Он увидел двух мужчин.
Ришар сидел за столом.
Ланго, с мешком в руках, стоял по другую сторону стола.
Как только охотник убедился, что перед ним его заклятые враги, он напряг слух, так как ему было важнее слышать, нежели видеть.
Прежде всего он услышал серебристую музыку сталкивавшихся друг с другом пятифранковых монет.
Они звенели, когда ростовщик их пересчитывал, и с глухим отрывистым звуком ложились на стол стопками.
— Тысяча! — услышал Ален и узнал голос Ланго, когда этот глухой отрывистый звук раздался в последний раз. — Еще одна тысяча!.. Это составляет тысячу сто пистолей, которые вы украли у меня, метр Ришар.
— Неужели! — отозвался насмешливый голос адвоката. — Право, метр Ланго, я признаюсь, что слишком вас люблю, чтобы считать вместе с вами.

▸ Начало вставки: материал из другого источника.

lemma total_variation_le:
  assumes LM: "laplace_repr M f F" and LN: "laplace_repr N g F"
  shows "total_variation M f \<le> total_variation N g"
proof -
  note M = laplace_reprD[OF LM] and N = laplace_reprD[OF LN]
  define h where "h x = sgn (cnj (f x))" for x
  have h: "h \<in> borel_measurable borel" "norm (h x) \<le> 1" for x
  proof -
    have "f \<in> borel_measurable borel"
      using borel_measurable_integrable[OF M(3)] by (simp add: measurable_cong_sets[OF M(1) refl])
    then have "(\<lambda>x. cnj (f x)) \<in> borel_measurable borel"
      by (intro borel_measurable_continuous_on[OF continuous_on_cnj[OF continuous_on_id]])
    then show "h \<in> borel_measurable borel"
      unfolding h_def by measurable
  qed (simp add: h_def norm_sgn)
  have "complex_of_real (total_variation M f) = (\<integral>x. h x * f x \<partial>M)"
    unfolding total_variation_def h_def by (simp add: of_real_norm_eq_sgn_cnj_mult flip: integral_complex_of_real)
  also have "\<dots> = (\<integral>x. h x * g x \<partial>N)"
    using laplace_repr_integral_eq[OF LM LN h] .
  finally have tv: "complex_of_real (total_variation M f) = (\<integral>x. h x * g x \<partial>N)" .
  have "0 \<le> total_variation M f"
    unfolding total_variation_def by simp
  then have "total_variation M f = norm (complex_of_real (total_variation M f))"
    by simp
  also have "\<dots> = norm (\<integral>x. h x * g x \<partial>N)"
    unfolding tv ..
  also have "\<dots> \<le> (\<integral>x. norm (h x * g x) \<partial>N)"
    by (rule integral_norm_bound)
  also have "\<dots> \<le> total_variation N g"
    unfolding total_variation_def using N(3) h
    by (intro integral_mono integrable_norm integrable_bounded_mult[where C=1])
      (auto simp: measurable_cong_sets[OF N(1) refl] norm_mult mult_left_le_one_le)
  finally show ?thesis .
qed

lemma total_variation_unique:
  assumes "laplace_repr M f F" and "laplace_repr N g F"
  shows "total_variation M f = total_variation N g"
  using total_variation_le[OF assms] total_variation_le[OF assms(2,1)] by simp

section \<open>Levy measures\<close>

lemma
  assumes "levy_measure \<mu>"
  shows sets_levy_measure: "sets \<mu> = sets borel"
    and space_levy_measure: "space \<mu> = UNIV"
    and AE_levy_measure_pos: "AE s in \<mu>. 0 < s"
    and integrable_levy_measure: "integrable \<mu> (\<lambda>s. s / (1 + s))"
proof -
  show sets: "sets \<mu> = sets borel"
    using assms unfolding levy_measure_def by simp
  then show "space \<mu> = UNIV"
    using sets_eq_imp_space_eq[OF sets] by simp
  show "AE s in \<mu>. 0 < s"
  proof (rule AE_I[where N="{..0}"])
    show "emeasure \<mu> {..0} = 0"
      using assms unfolding levy_measure_def by simp
  qed (auto simp: sets)
  show "integrable \<mu> (\<lambda>s. s / (1 + s))"
    using assms unfolding levy_measure_def by simp
qed

lemma emeasure_levy_measure_greaterThan:
  assumes L: "levy_measure \<mu>" and c: "0 < c"
  shows "emeasure \<mu> {c<..} < \<infinity>"
proof -
  have "indicator {c<..} s \<le> ennreal ((1 + c) / c * (s / (1 + s)))" if "0 < s" for s
  proof (cases "c < s")
    case True
    then have "c * (1 + s) \<le> (1 + c) * s"
      by (simp add: algebra_simps)
    then have "1 \<le> (1 + c) / c * (s / (1 + s))"
      using c that by (simp add: le_divide_eq)
    then show ?thesis
      using True by simp
  qed (use that c in simp)
  moreover have "{c<..} \<in> sets \<mu>"
    unfolding sets_levy_measure[OF L] by simp
  ultimately have "emeasure \<mu> {c<..} \<le> (\<integral>\<^sup>+s. ennreal ((1 + c) / c * (s / (1 + s))) \<partial>\<mu>)"
    using AE_levy_measure_pos[OF L] nn_integral_indicator[of "{c<..}" \<mu>]
    by (metis (mono_tags, lifting) eventually_mono nn_integral_mono_AE)
  also have "\<dots> < \<infinity>"
    using integrable_levy_measure[OF L]
    by (intro nn_integral_less_top_of_integrable integrable_mult_right)
  finally show ?thesis .
qed

lemma sigma_finite_levy_measure:
  assumes L: "levy_measure \<mu>"
  shows "sigma_finite_measure \<mu>"
proof -
  define A where "A = insert {..0} (range (\<lambda>n::nat. {1 / Suc n<..}))"
  have "countable A"
    unfolding A_def by simp
  have "A \<subseteq> sets \<mu>"
    unfolding A_def sets_levy_measure[OF L] by auto
  have "x \<in> \<Union> A" for x :: real
  proof (cases "x \<le> 0")
    case False
    then obtain n :: nat where "1 / Suc n < x"
      using reals_Archimedean[of x] by (auto simp: inverse_eq_divide)
    then show ?thesis
      unfolding A_def by blast
  qed (simp add: A_def)
  then have "\<Union> A = space \<mu>"
    using space_levy_measure[OF L] by blast
  moreover have "emeasure \<mu> a \<noteq> \<infinity>" if "a \<in> A" for a
  proof -
    from that consider "a = {..0}" | n :: nat where "a = {1 / Suc n<..}"
      unfolding A_def by blast
    then show ?thesis
    proof cases
      case 1
      then show ?thesis
        using L unfolding levy_measure_def by simp
    next
      case (2 n)
      then show ?thesis
        using emeasure_levy_measure_greaterThan[OF L, of "1 / Suc n"] by simp
    qed
  qed
  ultimately show ?thesis
    using \<open>countable A\<close> \<open>A \<subseteq> sets \<mu>\<close> by (intro sigma_finite_measure.intro exI[of _ A]) auto
qed

lemma integrable_levy_measure_min:
  assumes L: "levy_measure \<mu>" and t: "0 < t"
  shows "integrable \<mu> (\<lambda>s. min s t)"
proof (rule Bochner_Integration.integrable_bound)
  show "integrable \<mu> (\<lambda>s. (1 + t) * (s / (1 + s)))"
    using integrable_levy_measure[OF L] by (rule integrable_mult_right)
  have bound: "min s t \<le> (1 + t) * (s / (1 + s))" if "0 < s" for s
    using that t by (cases "s \<le> t") (simp_all add: field_simps)
  show "AE s in \<mu>. norm (min s t) \<le> norm ((1 + t) * (s / (1 + s)))"
    using AE_levy_measure_pos[OF L] by eventually_elim (use t bound in simp)
qed (simp add: measurable_cong_sets[OF sets_levy_measure[OF L] refl])

section \<open>The shift kernel and its mixture over a Levy measure\<close>

text \<open>The kernel is cut off at \<open>s \<le> 0\<close>, where a Levy measure has no mass, so that its sign
  pattern holds pointwise.\<close>

definition shift_kernel :: "real \<Rightarrow> real \<Rightarrow> real \<Rightarrow> real" where
  "shift_kernel t s x = (if 0 < s then indicator {0..t} x - indicator {s..s + t} x else 0)"

lemma borel_measurable_shift_kernel [measurable (raw)]:
  assumes [measurable]: "f \<in> borel_measurable M" "g \<in> borel_measurable M"
  shows "(\<lambda>x. shift_kernel t (f x) (g x)) \<in> borel_measurable M"
  unfolding shift_kernel_def indicator_def atLeastAtMost_iff by measurable

lemma shift_kernel_neg: "x < 0 \<Longrightarrow> shift_kernel t s x = 0"
  by (simp add: shift_kernel_def)

lemma shift_kernel_nonneg: "x \<le> t \<Longrightarrow> 0 \<le> shift_kernel t s x"
  by (simp add: shift_kernel_def indicator_def)

lemma shift_kernel_nonpos: "t < x \<Longrightarrow> shift_kernel t s x \<le> 0"
  by (simp add: shift_kernel_def indicator_def)

lemma integral_abs_shift_kernel:
  assumes s: "0 < s" and t: "0 < t"
  shows "integrable lborel (\<lambda>x. \<bar>shift_kernel t s x\<bar>)"
    and "(\<integral>x. \<bar>shift_kernel t s x\<bar> \<partial>lborel) = 2 * min s t"
proof -
  have eq: "(\<lambda>x. \<bar>shift_kernel t s x\<bar>)
      = (\<lambda>x. indicator {0..t} x + indicator {s..s + t} x - 2 * indicator {s..t} x)"
    using s t by (auto simp: fun_eq_iff shift_kernel_def indicator_def)
  have int: "integrable lborel (indicator {\<alpha>..\<beta>} :: real \<Rightarrow> real)" for \<alpha> \<beta> :: real
    by (intro integrable_real_indicator) (auto simp: emeasure_lborel_Icc_eq)
  show "integrable lborel (\<lambda>x. \<bar>shift_kernel t s x\<bar>)"
    unfolding eq using int by auto
  have "(\<integral>x. \<bar>shift_kernel t s x\<bar> \<partial>lborel)
      = measure lborel {0..t} + measure lborel {s..s + t} - 2 * measure lborel {s..t}"
    unfolding eq using int by (subst Bochner_Integration.integral_diff; (subst Bochner_Integration.integral_add)?) auto
  also have "\<dots> = 2 * min s t"
    using s t by (simp add: min_def)
  finally show "(\<integral>x. \<bar>shift_kernel t s x\<bar> \<partial>lborel) = 2 * min s t" .
qed

lemma laplace_indicator_Icc:
  fixes z :: complex
  assumes \<alpha>\<beta>: "\<alpha> \<le> \<beta>" and z: "z \<noteq> 0"
  shows "integrable lborel (\<lambda>x. indicator {\<alpha>..\<beta>} x *\<^sub>R exp (- (complex_of_real x * z)))"
    and "(\<integral>x. indicator {\<alpha>..\<beta>} x *\<^sub>R exp (- (complex_of_real x * z)) \<partial>lborel)
       = (exp (- (complex_of_real \<alpha> * z)) - exp (- (complex_of_real \<beta> * z))) / z"
proof -
  have cont: "continuous_on S (\<lambda>x. exp (- (complex_of_real x * z)))" for S
    by (intro continuous_intros)
  show "integrable lborel (\<lambda>x. indicator {\<alpha>..\<beta>} x *\<^sub>R exp (- (complex_of_real x * z)))"
    using borel_integrable_atLeastAtMost'[OF cont] unfolding set_integrable_def .
  have "((\<lambda>x. - exp (- (complex_of_real x * z)) / z) has_vector_derivative exp (- (complex_of_real x * z)))
      (at x within S)" for x S
  proof -
    have "((\<lambda>w. - exp (- (w * z)) / z) has_field_derivative exp (- (complex_of_real x * z))) (at (complex_of_real x))"
      using z by (auto intro!: derivative_eq_intros)
    from has_vector_derivative_real_field[OF this] show ?thesis
      by (rule has_vector_derivative_at_within)
  qed
  then have "(CLBINT x=\<alpha>..\<beta>. exp (- (complex_of_real x * z)))
      = - exp (- (complex_of_real \<beta> * z)) / z - - exp (- (complex_of_real \<alpha> * z)) / z"
    by (intro interval_integral_FTC_finite cont)
  moreover have "(CLBINT x=\<alpha>..\<beta>. exp (- (complex_of_real x * z))) = (CLBINT x:{\<alpha>..\<beta>}. exp (- (complex_of_real x * z)))"
    using \<alpha>\<beta> by (rule interval_integral_Icc)
  ultimately show "(\<integral>x. indicator {\<alpha>..\<beta>} x *\<^sub>R exp (- (complex_of_real x * z)) \<partial>lborel)
       = (exp (- (complex_of_real \<alpha> * z)) - exp (- (complex_of_real \<beta> * z))) / z"
    unfolding set_lebesgue_integral_def by (simp add: diff_divide_distrib)
qed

— Послушайте, Ришар, — сказал ростовщик, — я в последний раз спрашиваю вас: хотите, чтобы мы окончательно уладили дело? Верните мне остальные векселя, и я отсчитаю вам кругленькую сумму…
— О! Вы меня совсем не знаете, дорогой Ланго! Когда-то я прожигал жизнь с Аленом — разумеется, когда тот платил, — и поэтому вы теперь считаете меня транжиром, мотом, бездонной бочкой. Перестаньте заблуждаться: я ответственный человек. Правда, я люблю играть, но не хочу нарушать свой небольшой капиталец. Я пользуюсь у вас выгодным кредитом и знаю: вот славный денежный мешок, который без лишних слов откроется передо мной в трудную минуту; я рад, что могу в этом не сомневаться, и не хочу, после того как мы рассчитаемся, ставить вас в неловкое положение; вдруг мне снова понадобятся деньги, а вам придется ответить на просьбу друга отказом?

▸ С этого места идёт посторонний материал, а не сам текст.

lemma fps_compose_X_power_nth:
  fixes F :: "'a::comm_ring_1 fps"
  assumes "0 < p"
  shows "(F oo fps_X ^ p) $ n = (if p dvd n then F $ (n div p) else 0)"
proof -
  have "((fps_X ^ p) ^ i :: 'a fps) $ n = (if i = n div p \<and> p dvd n then 1 else 0)" for i
    using assms by (auto simp flip: power_mult)
  then have "(F oo fps_X ^ p) $ n = (\<Sum>i = 0..n. if i = n div p then (if p dvd n then F $ i else 0) else 0)"
    unfolding fps_compose_nth by (intro sum.cong) auto
  then show ?thesis
    by (simp add: div_le_dividend)
qed

lemma fps_mult_compose_X_power_nth:
  fixes A B :: "'a::comm_ring_1 fps"
  assumes p: "0 < p"
  shows "(A * (B oo fps_X ^ p)) $ n = (\<Sum>j\<le>n div p. A $ (n - p * j) * B $ j)"
proof -
  have "(A * (B oo fps_X ^ p)) $ n = ((B oo fps_X ^ p) * A) $ n"
    by (simp only: mult.commute)
  also have "\<dots> = (\<Sum>i = 0..n. if p dvd i then A $ (n - i) * B $ (i div p) else 0)"
    unfolding fps_mult_nth by (rule sum.cong) (simp_all add: fps_compose_X_power_nth[OF p])
  also have "\<dots> = (\<Sum>i\<in>{i\<in>{0..n}. p dvd i}. A $ (n - i) * B $ (i div p))"
    by (rule sum.inter_filter[symmetric]) simp
  also have "{i\<in>{0..n}. p dvd i} = (\<lambda>j. p * j) ` {..n div p}"
  proof -
    have "p * j \<le> n \<longleftrightarrow> j \<le> n div p" for j
      using p by (simp add: less_eq_div_iff_mult_less_eq mult.commute)
    then show ?thesis
      by (auto elim!: dvdE)
  qed
  also have "(\<Sum>i\<in>(\<lambda>j. p * j) ` {..n div p}. A $ (n - i) * B $ (i div p)) = (\<Sum>j\<le>n div p. A $ (n - p * j) * B $ j)"
    using p by (subst sum.reindex) (auto simp: inj_on_def)
  finally show ?thesis .
qed

lemma fps_compose_const_mult_X_power:
  fixes c :: "'a::idom fps"
  assumes "c $ 0 = 0"
  shows "(fps_const a * fps_X ^ k) oo c = fps_const a * c ^ k"
  using fps_compose_mult_distrib[OF assms, of "fps_const a" "fps_X ^ k"]
    fps_compose_power[OF assms, of fps_X k] fps_X_fps_compose_startby0[OF assms]
  by simp

definition theta :: "nat \<Rightarrow> 'a::field_char_0 \<Rightarrow> 'a fps" where
  "theta p w = fps_exp w * (fps_exp (- w) oo fps_X ^ p)"

lemma theta_nth:
  "0 < p \<Longrightarrow> theta p w $ k = (\<Sum>j\<le>k div p. w ^ (k - p * j) / fact (k - p * j) * ((- w) ^ j / fact j))"
  unfolding theta_def by (simp add: fps_mult_compose_X_power_nth fps_exp_nth)

lemma theta_nth_less: "k < p \<Longrightarrow> theta p w $ k = w ^ k / fact k"
  by (simp add: theta_nth)

lemma lam_0: "lam p 0 w n = (if n = 0 then 1 else 0)"
  unfolding lam_def by (simp add: fps_compose_0_right)

lemma fps_exp_compose_Suc:
  fixes w :: "'a::field_char_0"
  assumes p: "0 < p"
  defines "G m \<equiv> fps_const w * fps_X - fps_const w * fps_X ^ (p ^ m)"
  shows "fps_exp 1 oo G (Suc m) = theta p w * ((fps_exp 1 oo G m) oo fps_X ^ p)"
proof -
  define L where "L = fps_const (- w) * fps_X ^ 1"
  have X0: "(fps_X ^ p :: 'a fps) $ 0 = 0" and L0: "L $ 0 = 0" and G0: "G m $ 0 = 0"
    using p unfolding L_def G_def by simp_all
  have "L oo fps_X ^ p = fps_const (- w) * fps_X ^ p"
    unfolding L_def fps_compose_const_mult_X_power[OF X0] by simp
  moreover have "G m oo fps_X ^ p = fps_const w * fps_X ^ p - fps_const w * fps_X ^ (p ^ Suc m)"
    using fps_compose_const_mult_X_power[OF X0, of w 1] fps_compose_const_mult_X_power[OF X0, of w "p ^ m"]
    unfolding G_def fps_compose_sub_distrib by (simp add: mult.commute flip: power_mult)
  ultimately have "G (Suc m) = fps_const w * fps_X + ((L oo fps_X ^ p) + (G m oo fps_X ^ p))"
    unfolding G_def by (simp add: fps_const_neg)
  then have "fps_exp 1 oo G (Suc m)
      = (fps_exp 1 oo fps_const w * fps_X) * ((fps_exp 1 oo (L oo fps_X ^ p)) * (fps_exp 1 oo (G m oo fps_X ^ p)))"
    using L0 G0 X0 by (simp add: fps_exp_compose_add)
  also have "\<dots> = theta p w * ((fps_exp 1 oo G m) oo fps_X ^ p)"
    unfolding theta_def L_def by (simp add: fps_compose_assoc[OF X0] G0 mult.assoc)
  finally show ?thesis .
qed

— Вы полагаете, что так будет длиться долго? — спросил Ланго.
— До тех пор, пока я буду располагать вашими векселями, любезный друг… Когда их у меня больше не станет, это закончится — какая будет жалость!
— Неужели вы думаете, что я всегда буду иметь глупость уступать вашим требованиям?
— А! Никто вас и не заставляет, метр Ланго! Вы вольны, даже забрать тысячу франков, которую только что отсчитали мне с такой безупречной щедростью…
— Черт побери, меня так и подмывает это сделать.
— Как вам угодно! Уберите деньги в карман… Скажите-ка, метр Ланго, далеко ли отсюда до жилища Монпле?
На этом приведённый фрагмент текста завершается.